Okay, lets get on with it. The examples of assembly are for the x86 architecture.

Embed Assembly In C

To embed your assembly instructions into your C program we use the inline asm call. We can also use __asm__( to ensure there are no variables with the name asm that we may interfere with.

int main()
{
   __asm__("movl %esp,%eax");
 
  return 0;
}

This little function moves a long from register ‘a’ to the stack pointer. As you can see its quite easy to embed assembly into your C program. Lets do something ‘useful’.

#include <stdio.h>
#include <unistd.h>
 
int main()
{
  int data1 = 2, data2 = 3;
 
  // Fancy assembly statement
  __asm__("addl  %%ebx,%%eax"
                    :"=a"(data1)
                    :"a"(data1), "b"(data2)
              );
 
  fprintf(stdout, "data1 + data2 = %d\n", data1);
 
  return 0;
}

The above example is the addition of two longs.

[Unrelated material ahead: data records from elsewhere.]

lemma Pic_rel_iff_agree_on_generators:
  assumes \<sigma>0: "\<sigma>0 \<in> \<Sigma>" and spans: "\<And>\<sigma>. \<sigma> \<in> \<Sigma> \<Longrightarrow> \<sigma> \<subseteq> span \<sigma>0"
    and gens: "\<And>\<sigma>. \<sigma> \<in> \<Sigma> \<Longrightarrow> finite (S \<sigma>) \<and> \<sigma> = cone_gen (S \<sigma>)"
    and m: "m \<in> Pbar_fam R W \<Sigma>"
  shows "m \<in> Pic_rel R W \<Sigma> \<longleftrightarrow> (\<forall>\<sigma>\<in>\<Sigma>. \<forall>y\<in>S \<sigma>. m \<sigma> y = m \<sigma>0 y)"
proof
  assume "m \<in> Pic_rel R W \<Sigma>"
  then obtain u where u: "\<And>\<sigma>. \<sigma> \<in> \<Sigma> \<Longrightarrow> (\<lambda>x. m \<sigma> x - u x) \<in> perp \<sigma>"
    unfolding Pic_rel_def by blast
  show "\<forall>\<sigma>\<in>\<Sigma>. \<forall>y\<in>S \<sigma>. m \<sigma> y = m \<sigma>0 y"
  proof (intro ballI)
    fix \<sigma> y assume "\<sigma> \<in> \<Sigma>" "y \<in> S \<sigma>"
    then have y: "y \<in> \<sigma>" using gens cone_gen_superset by blast
    then have "m \<sigma> y = u y" using u[OF \<open>\<sigma> \<in> \<Sigma>\<close>] unfolding perp_def by auto
    moreover have "m \<sigma>0 y - u y = 0"
      using u[OF \<sigma>0] spans[OF \<open>\<sigma> \<in> \<Sigma>\<close>] y unfolding perp_def
      using linear_eq_0_on_span[of "\<lambda>x. m \<sigma>0 x - u x" \<sigma>0 y] by auto
    ultimately show "m \<sigma> y = m \<sigma>0 y" by simp
  qed
next
  assume agree: "\<forall>\<sigma>\<in>\<Sigma>. \<forall>y\<in>S \<sigma>. m \<sigma> y = m \<sigma>0 y"
  have dual: "\<And>\<sigma>. \<sigma> \<in> \<Sigma> \<Longrightarrow> m \<sigma> \<in> dual_module R W" using m unfolding Pbar_fam_def by blast
  have "(\<lambda>x. m \<sigma> x - m \<sigma>0 x) \<in> perp \<sigma>" if "\<sigma> \<in> \<Sigma>" for \<sigma>
  proof -
    have lin: "linear (\<lambda>x. m \<sigma> x - m \<sigma>0 x)"
      using dual[OF that] dual[OF \<sigma>0] unfolding dual_module_def by (auto intro: linear_compose_sub)
    then show ?thesis
      using linear_vanishes_on_cone_gen[OF lin] agree that gens[OF that] unfolding perp_def by auto
  qed
  with m dual[OF \<sigma>0] show "m \<in> Pic_rel R W \<Sigma>"
    unfolding Pic_rel_def Pbar_fam_def by (intro CollectI conjI bexI[of _ "m \<sigma>0"]) auto
qed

The syntax I am using is the AT&T syntax that is expanded:

__asm__("<asm routine>" : output : input : modify);

In this case I add data1 and data2, the output is in “=a” or register ‘a’, the input is data1 in register ‘a’ and data2 in register ‘b’. So at the end I use my C fprintf statement to output the result of 5.

If you want to specifically use the Intel syntax you can inform the compiler of this by using:

__asm__(".intel_syntax noprefix\n\t"
                     "pop edx\n\t"
                     "mov eax,edx\n\t"

The .intel_syntax tells the compiler that the form being used is Intel.

Embed Volatile Assembly

In C you can declare a function as volatile. What is a volatile function? Volatile informs the compiler that this piece of code should not be moved or re-arranged as an efficiency optimization, this keeps the code exactly in the order you have typed it. For example:

__asm__ __volatile__("blah"

Now you can become the hacker you always dreamed of becoming!